The scanner parses OpenAPI 3.0, 3.1, and Swagger 2.0 definitions with recursive $ref resolution and cross-references spec definitions against runtime findings. This surfaces missing security schemes, deprecated operations, and over-exposed fields that may amplify poisoning impact.

Integration into your security program

Use the Web Dashboard to track scan score trends over time and download branded compliance evidence. Add the GitHub Action to CI/CD to fail builds when the LLM security score drops below your threshold. For automated pipelines, call the API client to integrate scanning into existing workflows. Schedule regular rescans with the Pro tier to detect introduced weaknesses after model updates or prompt changes.

Authenticated scanning supports Bearer, API key, Basic auth, and cookies, with domain verification to ensure only your organization runs scans against protected endpoints. Header allowlisting limits forwarded headers to Authorization, X-API-Key, Cookie, and X-Custom-*.
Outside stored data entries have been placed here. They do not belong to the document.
lemma block_decomposition_Suc:
  assumes F: "block_decomposition G m k F E"
    and A: "A \<inter> E = {}" "anticommutative G m A" "card A \<ge> 2" "sets_commute G A E"
  shows "block_decomposition G m (Suc k) (F(Suc k := A)) (A \<union> E)"
proof -
  let ?F = "F(Suc k := A)"
  have old: "?F j = F j" "F j \<subseteq> E" if "j \<in> {0..k}" for j
    using that F by (auto simp: block_decomposition_def)
  have "A \<union> E = (\<Union>j\<in>{0..Suc k}. ?F j)"
  proof -
    have "{0..Suc k} = insert (Suc k) {0..k}"
      by auto
    then have "(\<Union>j\<in>{0..Suc k}. ?F j) = A \<union> (\<Union>j\<in>{0..k}. ?F j)"
      by (simp only: UN_insert fun_upd_same)
    also have "(\<Union>j\<in>{0..k}. ?F j) = E"
      using F old(1) by (simp add: block_decomposition_def)
    finally show ?thesis ..
  qed
  moreover have "\<forall>j\<in>{0..Suc k}. \<forall>j'\<in>{0..Suc k}. j \<noteq> j' \<longrightarrow> ?F j \<inter> ?F j' = {}"
    using F A(1) old(2) by (intro pairwise_fun_upd_Suc) (auto simp: block_decomposition_def)
  moreover have "\<forall>j\<in>{1..Suc k}. anticommutative G m (?F j) \<and> card (?F j) \<ge> 2"
  proof
    fix j assume j: "j \<in> {1..Suc k}"
    show "anticommutative G m (?F j) \<and> card (?F j) \<ge> 2"
    proof (cases "j = Suc k")
      case False
      then have "j \<in> {1..k}" "j \<in> {0..k}"
        using j by auto
      then show ?thesis
        using F old(1) unfolding block_decomposition_def by simp
    qed (use A(2,3) in simp)
  qed
  moreover have "commutative_set G (?F 0)"
    using F by (simp add: block_decomposition_def)
  moreover have "\<forall>j\<in>{0..Suc k}. \<forall>j'\<in>{0..Suc k}. j \<noteq> j' \<longrightarrow> sets_commute G (?F j) (?F j')"
    using F A(4) old(2) unfolding sets_commute_def
    by (intro pairwise_fun_upd_Suc) (auto simp: block_decomposition_def sets_commute_def)
  ultimately show ?thesis
    unfolding block_decomposition_def by blast
qed

context signed_grp
begin

lemma commutative_set_sgen:
  assumes E: "E \<subseteq> carrier G" and comm: "commutative_set G E"
  shows "commutative_set G (sgen G m E)"
proof -
  have "commutes w a" if "w \<in> sgen G m E" "a \<in> E" for w a
    using sgen_commutes[OF E _ _ that(1), of a] that(2) E comm
    by (auto simp: commutative_set_def commutes_def)
  then have "commutes w' w" if "w \<in> sgen G m E" "w' \<in> sgen G m E" for w w'
  proof -
    have "\<forall>a\<in>E. commutes a w"
      using that(1) commutes_sym \<open>\<And>w a. w \<in> sgen G m E \<Longrightarrow> a \<in> E \<Longrightarrow> commutes w a\<close> by blast
    moreover have "w \<in> carrier G"
      using that(1) sgen_closed[OF E] by blast
    ultimately show ?thesis
      using sgen_commutes[OF E _ _ that(2)] by blast
  qed
  then show ?thesis
    by (simp add: commutative_set_def commutes_def)
qed

lemma replacement_commutes:
  assumes "replacement G m E E'" "E \<subseteq> carrier G" "a \<in> carrier G" "\<forall>x\<in>E. commutes x a"
  shows "\<forall>x\<in>E'. commutes x a"
proof -
  have "E' \<subseteq> carrier G" "sgen G m E' = sgen G m E"
    using assms(1) basic_carrier by (auto simp: replacement_def)
  then have "E' \<subseteq> sgen G m E"
    using subset_sgen by blast
  then show ?thesis
    using sgen_commutes[OF assms(2-4)] by blast
qed

lemma replacement_commutative:
  assumes "replacement G m E E'" "E \<subseteq> carrier G" "commutative_set G E'"
  shows "commutative_set G E"
proof -
  have "E' \<subseteq> carrier G" "sgen G m E' = sgen G m E"
    using assms(1) basic_carrier by (auto simp: replacement_def)
  then show ?thesis
    using commutative_set_sgen[of E'] assms(2,3) subset_sgen[of E]
    unfolding commutative_set_def by blast
qed

lemma exists_block_decomposition:
  assumes "basic G m E" "finite E"
  shows "\<exists>k E' F. replacement G m E E' \<and> block_decomposition G m k F E' \<and> 2 * k \<le> card E"
  using assms
proof (induction "card E" arbitrary: E rule: less_induct)
  case less
  have E: "basic G m E" "finite E" "E \<subseteq> carrier G"
    using less.prems basic_carrier by auto
  show ?case
  proof (cases "commutative_set G E")
    case True
    then show ?thesis
      using replacement_refl[OF E(1)] block_decomposition_commutative by fastforce
  next
    case False
    then obtain a b where ab: "a \<in> E" "b \<in> E" "\<not> commutes a b"
      by (auto simp: commutative_set_def commutes_def)
    then have c: "a \<in> carrier G" "b \<in> carrier G" and anti: "anticommute G m a b"
      using E(3) anticommute_iff_not_commutes by auto
    obtain Y where Y: "replacement G m E ({a, b} \<union> Y)" "{a, b} \<inter> Y = {}" "finite Y"
      "card Y + 2 = card E" "\<forall>y\<in>Y. commutes y a \<and> commutes y b"
      using replacement_split_pair[OF E(1,2) ab(1,2) anti] by blast
    have abY: "basic G m ({a, b} \<union> Y)"
      using Y(1) by (simp add: replacement_def)
    then have bY: "basic G m Y"
      by (rule basic_subset) blast
    obtain k Y' F where IH: "replacement G m Y Y'" "block_decomposition G m k F Y'" "2 * k \<le> card Y"
      using less.hyps[OF _ bY Y(3)] Y(4) by fastforce
    have Y'_commutes: "commutes y a" "commutes y b" if "y \<in> Y'" for y
      using that replacement_commutes[OF IH(1) basic_carrier[OF bY]] Y(5) c by blast+
    have "a \<notin> Y'" "b \<notin> Y'"
      using Y'_commutes ab(3) commutes_sym by blast+
    then have "{a, b} \<inter> Y' = {}"
      by blast
    moreover have "anticommutative G m {a, b}"
      using anti anticommute_sym[OF c anti] by (auto simp: anticommutative_def)
    moreover have "card {a, b} \<ge> 2"
      using ab(3) by (cases "a = b") (simp_all add: commutes_def)
    moreover have "sets_commute G {a, b} Y'"
      using Y'_commutes by (auto simp: sets_commute_def commutes_def)
    ultimately have "block_decomposition G m (Suc k) (F(Suc k := {a, b})) ({a, b} \<union> Y')"
      using block_decomposition_Suc[OF IH(2)] by blast
    moreover have "replacement G m E ({a, b} \<union> Y')"
      using replacement_trans[OF Y(1) replacement_Un[OF abY Y(2) IH(1)]] .
    moreover have "2 * Suc k \<le> card E"
      using IH(3) Y(4) by simp
    ultimately show ?thesis
      by blast
  qed
qed

end

theorem theorem5p6:
  fixes G :: "('a, 'b) monoid_scheme" and m :: 'a and E :: "'a set" and n :: nat
  assumes "signed_group G m"
    and "basic G m E" and "finite E" and "card E = n" and "n \<ge> 2"
    and "\<exists>e\<in>E. \<exists>f\<in>E. anticommute G m e f"
  shows "\<exists>k \<in> {1..n}. \<exists>E' (F :: nat \<Rightarrow> 'a set).
           replacement G m E E' \<and>
           E' = (\<Union>j\<in>{0..k}. F j) \<and>
           (\<forall>j\<in>{0..k}. \<forall>j'\<in>{0..k}. j \<noteq> j' \<longrightarrow> F j \<inter> F j' = {}) \<and>
           (\<forall>j\<in>{1..k}. anticommutative G m (F j) \<and> card (F j) \<ge> 2) \<and>
           commutative_set G (F 0) \<and>
           (\<forall>j\<in>{0..k}. \<forall>j'\<in>{0..k}. j \<noteq> j' \<longrightarrow> sets_commute G (F j) (F j'))"
proof -
  have "group G"
    using assms(1) unfolding signed_group_def by (rule conjunct1)
  then interpret signed_grp G m
    by (rule signed_grp.intro) (simp add: signed_grp_axioms_def assms(1))
  obtain k E' F where dec: "replacement G m E E'" "block_decomposition G m k F E'" "2 * k \<le> n"
    using exists_block_decomposition[OF assms(2,3)] assms(4) by blast
  have "k \<noteq> 0"
  proof
    assume "k = 0"
    then have "commutative_set G E"
      using dec replacement_commutative basic_carrier[OF assms(2)]
      by (simp add: block_decomposition_def)
    then show False
      using assms(6) anticommute_iff_not_commutes basic_carrier[OF assms(2)]
      unfolding commutative_set_def commutes_def by blast
  qed
  then have "k \<in> {1..n}"
    using dec(3) by simp
  then show ?thesis
    using dec(1,2) unfolding block_decomposition_def by blast
qed

end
Frequently Asked Questions

What does a few-shot poisoning test actually measure?

It measures whether small, injected examples in prompts or instructions can cause the model to ignore safety constraints, reveal system details, or exfiltrate data.

Can this replace a red team engagement for LLM security?

No. The scanner detects known adversarial patterns and surface-level issues, but business logic and high-stakes audits still require human expertise.

Does testing affect production model behavior?

Scans are read-only and use non-destructive inputs. No training or fine-tuning occurs during a scan.

How are findings mapped to compliance frameworks?

Findings map to OWASP API Top 10 (2023) and align with security controls described in SOC 2 Type II and PCI-DSS 4.0.

What happens to scan data after account cancellation?

Customer data is deletable on demand and purged within 30 days of cancellation. It is never sold or used for model training.